6. Denial (?)

Màu nền
Font chữ
Font size
Chiều cao dòng



Mohon maaf ya, kemarin benar-benar enggak sempat balesin komennya. Masih dalam masa recovery habis sakit.

Happy baca 💜
Sorry for typo
.
.
.








"Ikut mobil saya. Saya anterin pulang, Sha!"

Maisha masih bergeming, otaknya masih mencerna slide demi slide kejadian yang dia alami sore menjelang petang ini. Belum hilang rasa kaget akibat ulah kasar Rendra, sekarang dibuat sedikit terkejut dengan tindakan Pak Ezar yang sok perhatian.

Maisha belum merespons apapun. Isi kepalanya serasa melompong gara-gara kalut oleh pertengkaran kesekian kalinya dengan sang kekasih. Terkadang, Maisha merasa Rendra itu terlalu egois dan maunya selalu dipahami, tapi enggan memahami kemauan Maisha. Beberapa kali hal semacam ini terjadi dan selalu menganggu pikiran Maisha. Pernah sekali dia jabarkan rasa keberatan atas sikap kekanakan Rendra, kekasihnya itu mau mengerti dan minta maaf, tetapi tidak berselang lama sikap egois Rendra mencuat kembali. Maisha merasa lelah sekali. Namun, dia enggan berhenti, karena Maisha pikir, setiap hubungan pasti memiliki sepak terjalnya tersendiri. Dan, ini adalah jalan untuk membuktikan jika dia atau Rendra serius dengan hubungan yang sudah dijalani lebih dari dua tahun lamanya.

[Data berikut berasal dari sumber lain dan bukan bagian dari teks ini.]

definition well_ordered_set :: "'a::linorder set \<Rightarrow> bool" where
  "well_ordered_set S \<longleftrightarrow> (\<forall>A. A \<subseteq> S \<longrightarrow> A \<noteq> {} \<longrightarrow> (\<exists>a\<in>A. \<forall>b\<in>A. a \<le> b))"

text \<open>The ambient type (a linear order carrying its order topology) is the completion of T:
  it is compact and every half-open interval ]x,y] with x<y meets T.\<close>
definition is_completion_of :: "'a::linorder_topology set \<Rightarrow> bool" where
  "is_completion_of T \<longleftrightarrow> compact (UNIV :: 'a set) \<and> (\<forall>x y. x < y \<longrightarrow> {x<..y} \<inter> T \<noteq> {})"

text \<open>The metric d; index n :: nat stands for the paper's T_(n+1).\<close>
definition chain_metric :: "(nat \<Rightarrow> 'a::linorder set) \<Rightarrow> 'a \<Rightarrow> 'a \<Rightarrow> real" where
  "chain_metric T x y = (if x = y then 0
     else 1 / real (Suc (LEAST n. {min x y<..max x y} \<inter> T n \<noteq> {})))"

definition fragments :: "('a::topological_space \<Rightarrow> 'a \<Rightarrow> real) \<Rightarrow> 'a set \<Rightarrow> bool" where
  "fragments d K \<longleftrightarrow> (\<forall>L. closedin (top_of_set K) L \<longrightarrow> L \<noteq> {} \<longrightarrow>
     (\<forall>\<epsilon>>0. \<exists>U. openin (top_of_set L) U \<and> U \<noteq> {} \<and>
        Sup {d x y | x y. x \<in> U \<and> y \<in> U} < \<epsilon>))"

end

theory Submission
  imports Defs
begin
lemma random_sampling_expost_IC_IR:
  fixes v :: "'a \<Rightarrow> 'b set \<Rightarrow> ('a \<Rightarrow> nat) \<Rightarrow> real"
  assumes vv: "valid_valuations k d v" and sel: "is_welfare_max_rule sel"
  shows "expost_IC_IR k v (random_sampling sel v A)"
  unfolding expost_IC_IR_def
proof (intro allI impI)
  fix s :: "'a \<Rightarrow> nat" and i :: 'a
  assume vs: "valid_profile k s"
  have same_bundle: "fst (random_sampling sel v A (s(i := x))) i = fst (random_sampling sel v A s) i" for x
  proof (cases "i \<in> A")
    case True
    then show ?thesis unfolding random_sampling_def Let_def by (simp add: welfare_max_rule_outside[OF sel])
  next
    case False
    then have "(\<lambda>j. if j \<in> A then (s(i := x)) j else 0) = (\<lambda>j. if j \<in> A then s j else 0)"
      by auto
    then show ?thesis unfolding random_sampling_def Let_def by (simp only: fst_conv)
  qed
  have "snd (random_sampling sel v A \<rho>) = (\<lambda>i. 0)" for \<rho>
    unfolding random_sampling_def Let_def by simp
  then show "0 \<le> utility v (random_sampling sel v A) s i s \<and>
      (\<forall>x<k. utility v (random_sampling sel v A) s i (s(i := x)) \<le> utility v (random_sampling sel v A) s i s)"
    unfolding utility_def same_bundle using valid_valuations_nonneg[OF vv vs] by simp
qed

lemma opt_welfare_attained:
  fixes v :: "'a::finite \<Rightarrow> 'b::finite set \<Rightarrow> ('a \<Rightarrow> nat) \<Rightarrow> real"
  obtains Opt where "feasible Opt" "opt_welfare v s = welfare v s Opt"
proof -
  have "feasible (\<lambda>_. {} :: 'b set)" by (simp add: feasible_def)
  then have "welfare v s ` {A. feasible A} \<noteq> {}" by blast
  from Max_in[OF _ this] that show ?thesis unfolding opt_welfare_def by auto
qed

lemma random_bucket_total_welfare_ge:
  fixes v :: "'a::finite \<Rightarrow> 'b set \<Rightarrow> ('a \<Rightarrow> nat) \<Rightarrow> real"
  assumes d: "0 \<le> d" and vv: "valid_valuations k d v" and sel: "is_welfare_max_rule sel"
    and vs: "valid_profile k s" and k: "k = 2 ^ r" and "feasible Opt"
  shows "(\<Sum>i\<in>UNIV. v i (Opt i) s - v i (Opt i) (s(i := 0)))
           \<le> d * (d + 1) * (\<Sum>l\<in>{1..r}. welfare v s (fst (random_bucket sel v l s)))"
proof -
  define c where "c l i = (if 2 ^ (l - 1) \<le> s i then v i (Opt i) (cap_signals (2 ^ (l - 1)) s) else 0)"
    for l i
  have "(\<Sum>i\<in>UNIV. v i (Opt i) s - v i (Opt i) (s(i := 0))) \<le> (\<Sum>i\<in>UNIV. d * (d + 1) * (\<Sum>l\<in>{1..r}. c l i))"
    unfolding c_def
    by (intro sum_mono strong_SOS_gain_le_dyadic_buckets[OF _ _ _ d vs k]
        valid_valuations_strong_SOS[OF vv] valid_valuations_nonneg[OF vv] valid_valuations_mono[OF vv])
  also have "\<dots> = d * (d + 1) * (\<Sum>l\<in>{1..r}. \<Sum>i\<in>UNIV. c l i)"
    by (subst sum.swap) (simp add: sum_distrib_left)
  also have "\<dots> \<le> d * (d + 1) * (\<Sum>l\<in>{1..r}. welfare v s (fst (random_bucket sel v l s)))"
    unfolding c_def using d
    by (intro mult_left_mono sum_mono random_bucket_welfare_ge[OF vv sel vs \<open>feasible Opt\<close>]) auto
  finally show ?thesis .
qed

lemma random_sampling_total_welfare_ge:
  fixes v :: "'a::finite \<Rightarrow> 'b set \<Rightarrow> ('a \<Rightarrow> nat) \<Rightarrow> real"
  assumes d: "0 \<le> d" and vv: "valid_valuations k d v" and sel: "is_welfare_max_rule sel"
    and vs: "valid_profile k s" and "feasible Opt"
  shows "2 ^ card (UNIV :: 'a set) * (\<Sum>i\<in>UNIV. v i (Opt i) (s(i := 0)))
           \<le> 2 * (d + 1) * (\<Sum>A\<in>UNIV. welfare v s (fst (random_sampling sel v A s)))"
proof -
  define c where "c A i = (if i \<notin> A then v i (Opt i) (restrict_signals s A) else 0)" for A i
  have "2 ^ card (UNIV :: 'a set) * (\<Sum>i\<in>UNIV. v i (Opt i) (s(i := 0)))
        = (\<Sum>i\<in>UNIV. 2 ^ card (UNIV :: 'a set) * v i (Opt i) (s(i := 0)))"
    by (rule sum_distrib_left)
  also have "\<dots> \<le> (\<Sum>i\<in>UNIV. 2 * (d + 1) * (\<Sum>A\<in>UNIV. c A i))"
    unfolding c_def
    by (intro sum_mono strong_SOS_random_sampling_le[OF _ _ d vs]
        valid_valuations_strong_SOS[OF vv] valid_valuations_nonneg[OF vv])
  also have "\<dots> = 2 * (d + 1) * (\<Sum>A\<in>UNIV. \<Sum>i\<in>UNIV. c A i)"
    by (subst sum.swap) (simp add: sum_distrib_left)
  also have "\<dots> \<le> 2 * (d + 1) * (\<Sum>A\<in>UNIV. welfare v s (fst (random_sampling sel v A s)))"
    unfolding c_def using d
    by (intro mult_left_mono sum_mono random_sampling_welfare_ge[OF vv sel vs \<open>feasible Opt\<close>]) auto
  finally show ?thesis .
qed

"Ayo!" Tanpa dinyana Pak Ezar mengulurkan tangan. Teguran lelaki itu menyadarkan Maisha dari keterpakuannya.
Ragu-ragu Maisha menyambut. Laki-laki berpostur tinggi di hadapannya melepas embusan napas panjang. "Saya bukan orang jahat, Sha, enggak ada niat buat nyulik kamu." Pengimbuhan yang mereaksi Maisha. Gadis itu bergerak, tangannya menerima uluran tangan Pak Ezar ketika hendak membantunya berdiri.

Maisha menghapus asal wajahnya yang sembap dengan tangan kosong. Polahnya menarik perhatian Pak Ezar, lelaki itu mengangsurkan sekotak tisu yang disimpan di dalam dasboard ke pangkuan Maisha.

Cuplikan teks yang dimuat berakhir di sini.